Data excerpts
--- START ---
lemma uniform_limit_if_norm_le:
  fixes Ds :: "nat \<Rightarrow> 'b \<Rightarrow> 'a::real_normed_vector" and vs :: "nat \<Rightarrow> 'c::real_normed_vector"
  assumes bound: "\<And>n t. t \<in> S \<Longrightarrow> norm (Ds n t - D t) \<le> B * norm (vs n - v)"
    and lim: "vs \<longlonglongrightarrow> v"
  shows "uniform_limit S Ds D sequentially"
proof (rule uniform_limitI)
  fix e :: real assume "0 < e"
  have "(\<lambda>n. B * norm (vs n - v)) \<longlonglongrightarrow> B * 0"
    using lim by (intro tendsto_mult tendsto_const tendsto_norm_zero LIM_zero)
  then have "\<forall>\<^sub>F n in sequentially. B * norm (vs n - v) < e"
    using \<open>0 < e\<close> by (intro order_tendstoD(2)) auto
  then show "\<forall>\<^sub>F n in sequentially. \<forall>t\<in>S. dist (Ds n t) (D t) < e"
  proof eventually_elim
    case (elim n)
    show ?case using bound elim by (auto simp: dist_norm intro: le_less_trans)
  qed
qed

lemma has_vector_derivative_uniform_limit:
  fixes Fs :: "nat \<Rightarrow> real \<Rightarrow> 'a::banach"
  assumes S: "convex S" "t \<in> S"
    and der: "\<And>n t. t \<in> S \<Longrightarrow> (Fs n has_vector_derivative Ds n t) (at t within S)"
    and conv: "\<And>t. t \<in> S \<Longrightarrow> (\<lambda>n. Fs n t) \<longlonglongrightarrow> F t"
    and unif: "uniform_limit S Ds D sequentially"
  shows "(F has_vector_derivative D t) (at t within S)"
proof -
  have "\<exists>G. \<forall>x\<in>S. (\<lambda>n. Fs n x) \<longlonglongrightarrow> G x \<and> (G has_derivative (\<lambda>h. h *\<^sub>R D x)) (at x within S)"
  proof (rule has_derivative_sequence[where f'="\<lambda>n x h. h *\<^sub>R Ds n x"])
    show "\<forall>\<^sub>F n in sequentially. \<forall>x\<in>S. \<forall>h. norm (h *\<^sub>R Ds n x - h *\<^sub>R D x) \<le> e * norm h"
      if "0 < e" for e
      using uniform_limitD[OF unif that]
    proof eventually_elim
      case (elim n)
      show ?case
      proof (intro ballI allI)
        fix x h assume "x \<in> S"
        then have "\<bar>h\<bar> * norm (Ds n x - D x) \<le> \<bar>h\<bar> * e"
          using elim by (intro mult_left_mono) (auto simp: dist_norm less_imp_le)
        then show "norm (h *\<^sub>R Ds n x - h *\<^sub>R D x) \<le> e * norm h"
          by (simp add: mult.commute flip: scaleR_diff_right)
      qed
    qed
  qed (use S der conv in \<open>auto simp: has_vector_derivative_def\<close>)
  then obtain G where "\<And>x. x \<in> S \<Longrightarrow> (\<lambda>n. Fs n x) \<longlonglongrightarrow> G x"
    and G: "(G has_derivative (\<lambda>h. h *\<^sub>R D t)) (at t within S)" using S by blast
  then have "\<And>x. x \<in> S \<Longrightarrow> F x = G x" using conv LIMSEQ_unique by blast
  then show ?thesis
    unfolding has_vector_derivative_def by (rule has_derivative_transform[OF S(2) _ G])
qed

lemma hamiltonian_solvable_closed:
  fixes g :: "'a::{banach, real_inner} \<Rightarrow> 'a"
  assumes lip: "\<And>u w. norm (g u - g w) \<le> L * norm (u - w)" and L: "0 \<le> L" and T: "0 \<le> T"
  shows "closed {v. \<exists>X V. hamiltonian_solution g T y v X V}"
  unfolding closed_sequential_limits
proof (intro allI impI, elim conjE)
  fix vs v assume "\<forall>n. vs n \<in> {v. \<exists>X V. hamiltonian_solution g T y v X V}" and lim: "vs \<longlonglongrightarrow> v"
  then have "\<forall>n. \<exists>X V. hamiltonian_solution g T y (vs n) X V" by simp
  then obtain Xs Vs where sols: "\<And>n. hamiltonian_solution g T y (vs n) (Xs n) (Vs n)" by metis
  define C where "C = sqrt (exp ((1 + L) * T))"
  have C: "0 \<le> C" by (simp add: C_def)
  have bound: "norm (Xs m t - Xs n t) \<le> C * norm (vs m - vs n)"
    "norm (Vs m t - Vs n t) \<le> C * norm (vs m - vs n)" if "t \<in> {0..T}" for m n t
    unfolding C_def using hamiltonian_solution_norm_le[OF lip L sols sols that] by blast+
  obtain X where X: "\<And>n t. t \<in> {0..T} \<Longrightarrow> norm (Xs n t - X t) \<le> C * norm (vs n - v)"
    using lipschitz_family_limit[where Xs=Xs, OF bound(1) C lim] by blast
  obtain V where V: "\<And>n t. t \<in> {0..T} \<Longrightarrow> norm (Vs n t - V t) \<le> C * norm (vs n - v)"
    using lipschitz_family_limit[where Xs=Vs, OF bound(2) C lim] by blast
  have gX: "norm (- g (Xs n t) - - g (X t)) \<le> (L * C) * norm (vs n - v)" if "t \<in> {0..T}" for n t
    using lip[of "X t" "Xs n t"] mult_left_mono[OF X[OF that, of n] L]
    by (simp add: norm_minus_commute ac_simps)
  have unif_X: "uniform_limit {0..T} Xs X sequentially"
    using X by (rule uniform_limit_if_norm_le[OF _ lim])
  have unif_V: "uniform_limit {0..T} Vs V sequentially"
    using V by (rule uniform_limit_if_norm_le[OF _ lim])
  have unif_gX: "uniform_limit {0..T} (\<lambda>n t. - g (Xs n t)) (\<lambda>t. - g (X t)) sequentially"
    using gX by (rule uniform_limit_if_norm_le[OF _ lim])
  have conv_X: "(\<lambda>n. Xs n t) \<longlonglongrightarrow> X t" and conv_V: "(\<lambda>n. Vs n t) \<longlonglongrightarrow> V t"
    if "t \<in> {0..T}" for t
    using tendsto_uniform_limitI[OF unif_X that] tendsto_uniform_limitI[OF unif_V that] by simp_all
  have "(X has_vector_derivative V t) (at t within {0..T})" if t: "t \<in> {0..T}" for t
  proof (rule has_vector_derivative_uniform_limit[where Fs=Xs and Ds=Vs, OF _ t])
    show "(Xs n has_vector_derivative Vs n s) (at s within {0..T})" if "s \<in> {0..T}" for n s
      using sols that by (simp add: hamiltonian_solution_def)
  qed (use conv_X unif_V in auto)
  moreover have "(V has_vector_derivative - g (X t)) (at t within {0..T})" if t: "t \<in> {0..T}" for t
  proof (rule has_vector_derivative_uniform_limit[where Fs=Vs and Ds="\<lambda>n s. - g (Xs n s)", OF _ t])
    show "(Vs n has_vector_derivative - g (Xs n s)) (at s within {0..T})" if "s \<in> {0..T}" for n s
      using sols that by (simp add: hamiltonian_solution_def)
  qed (use conv_V unif_gX in auto)
  moreover have "(\<lambda>n. y) \<longlonglongrightarrow> X 0" and "vs \<longlonglongrightarrow> V 0"
    using conv_X[of 0] conv_V[of 0] sols T by (simp_all add: hamiltonian_solution_def)
  then have "X 0 = y" "V 0 = v" using lim by (simp_all add: LIMSEQ_const_iff LIMSEQ_unique)
  ultimately show "v \<in> {v. \<exists>X V. hamiltonian_solution g T y v X V}"
    unfolding hamiltonian_solution_def by blast
qed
--- END ---
◆ What to produce: Transcribe the records above from the line holding "T y (vs n) X" down to the line holding "Xs n t) \<le>", inclusive, without adding anything.

◆ Answer to this task:
  then have "\<forall>n. \<exists>X V. hamiltonian_solution g T y (vs n) X V" by simp
  then obtain Xs Vs where sols: "\<And>n. hamiltonian_solution g T y (vs n) (Xs n) (Vs n)" by metis
  define C where "C = sqrt (exp ((1 + L) * T))"
  have C: "0 \<le> C" by (simp add: C_def)
  have bound: "norm (Xs m t - Xs n t) \<le> C * norm (vs m - vs n)"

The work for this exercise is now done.